The Utah Supreme Court has upheld a lower court finding that customer mailing lists should be taxed, a decision that makes a real-estate marketer liable for more than $7,750 in back taxes.
At issue was whether the lease or sale of information conveyed by a tangible medium, such as mailing lists, should be taxed as a personal property transaction, according to the state Supreme Court opinion released Wednesday.The unanimous ruling stated that the gummed mailing labels and magnetic tapes purchased by Mark O. Harolden were worth more to him than the cost of the materials used to convey the information.
"A Picasso painting is personal property, but its value is hardly the value of the canvas, the frame and the paint. Any number of other examples prove the same point," the opinion said.
Haroldsen uses direct mail advertising to contact potential customers for his business, which is selling books and tapes on real estate investment as well as conducting seminars.
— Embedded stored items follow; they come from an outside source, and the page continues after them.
lemma theta_split_initial_segment:
  assumes "summable (\<lambda>j. complex_of_real (q ^ ((j + n) * (j + n + 1) div 2)) * z ^ (j + n))"
  shows "theta q z = (\<Sum>j<n. complex_of_real (q ^ (j * (j + 1) div 2)) * z ^ j)
      + (\<Sum>j. complex_of_real (q ^ ((j + n) * (j + n + 1) div 2)) * z ^ (j + n))"
proof -
  define f where "f = (\<lambda>j. complex_of_real (q ^ (j * (j + 1) div 2)) * z ^ j)"
  have "summable f"
    using assms summable_iff_shift[of f n] by (simp add: f_def)
  then have "suminf f = (\<Sum>j. f (j + n)) + (\<Sum>j<n. f j)"
    by (rule suminf_split_initial_segment)
  then show ?thesis by (simp add: theta_def f_def add.commute)
qed

lemma norm_zpt_le:
  assumes "0 \<le> t" "t \<le> w"
  shows "cmod (zpt t) \<le> 3"
proof -
  have "t\<^sup>2 + w\<^sup>2 \<le> 3\<^sup>2"
    using assms power_mono[of t w 2] by (simp add: w_squared)
  then show ?thesis
    by (simp add: zpt_def cmod_def real_le_lsqrt)
qed

lemma theta_star_summable_norm_le:
  assumes "0 \<le> q" "q \<le> 3/5" "0 \<le> t" "t \<le> w"
  shows "summable (\<lambda>j. complex_of_real (q ^ ((j + 6) * (j + 7) div 2)) * zpt t ^ (j + 6))"
    and "cmod (theta_star q t) \<le> 18/1000"
proof -
  have seven: "j + 6 + 1 = j + 7" for j :: nat by simp
  have "(3/5 :: real) \<le> 1" "(3/5 :: real) ^ (6 + 1) * 3 < 1" by (simp_all add: power_divide)
  note tail = theta_tail_summable_norm_le[OF assms(1,2) this(1) norm_zpt_le[OF assms(3,4)] this(2),
      unfolded seven, folded theta_star_def]
  show "summable (\<lambda>j. complex_of_real (q ^ ((j + 6) * (j + 7) div 2)) * zpt t ^ (j + 6))"
    by (fact tail(1))
  have "(3/5 :: real) ^ (6 * (6 + 1) div 2) * 3 ^ 6 / (1 - (3/5) ^ (6 + 1) * 3) \<le> 18/1000"
    by (simp add: power_divide)
  with tail(2) show "cmod (theta_star q t) \<le> 18/1000" by simp
qed

lemma theta_zpt_eq_theta5_plus_theta_star:
  assumes "0 \<le> q" "q \<le> 3/5" "0 \<le> t" "t \<le> w"
  shows "theta q (zpt t) = theta5 q t + theta_star q t"
proof -
  have seven: "j + 6 + 1 = j + 7" for j :: nat by simp
  have "{..<6::nat} = {..5}" by auto
  then show ?thesis
    using theta_split_initial_segment[of q 6 "zpt t", unfolded seven, folded theta_star_def,
        OF theta_star_summable_norm_le(1)[OF assms]]
    by (simp add: theta5_def)
qed

theorem lemma7:
  fixes q t :: real
  assumes "0.3 \<le> q" "q \<le> 0.6" "0 \<le> t" "t \<le> w"
  shows "cmod (theta_star q t) \<le> 0.018 \<and> Im (theta5 q t) > 0.13
         \<and> theta q (Complex (- t) w) \<noteq> 0"
proof -
  have q: "3/10 \<le> q" "q \<le> 3/5" using assms(1,2) by simp_all
  then have q_nonneg: "0 \<le> q" by simp
  have tail: "cmod (theta_star q t) \<le> 18/1000"
    by (rule theta_star_summable_norm_le(2)[OF q_nonneg q(2) assms(3,4)])
  have main: "13/100 < Im (theta5 q t)"
    by (rule Im_theta5_gt[OF q assms(3,4)])
  have "- cmod (theta_star q t) \<le> Im (theta_star q t)"
    using abs_Im_le_cmod[of "theta_star q t"] by linarith
  with tail main have "0 < Im (theta q (zpt t))"
    by (simp add: theta_zpt_eq_theta5_plus_theta_star[OF q_nonneg q(2) assms(3,4)])
  then have "theta q (Complex (- t) w) \<noteq> 0" by (auto simp: zpt_def)
  with tail main show ?thesis by simp
qed

end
The customer lists in question were purchased or leased during a three-year period that began in July 1979 from seven companies and three list owners, all located outside Utah.
The companies put together the lists based on the demographics of people most likely to be interested in Haroldsen's products and seminars.
Haroldsen argued that the mailing lists could not be considered personal property under state law and said the money he spent on them were for the efforts to compile them.
Third District Court Judge Timothy R. Hanson agreed with the Tax Commission that the lists were personal property for tax purposes and found that compiling the lists took little expertise on behalf of the companies.
The ruling affirms a Utah State Tax Commission order holding Haroldsen liable for $7,750 plus interest in taxes.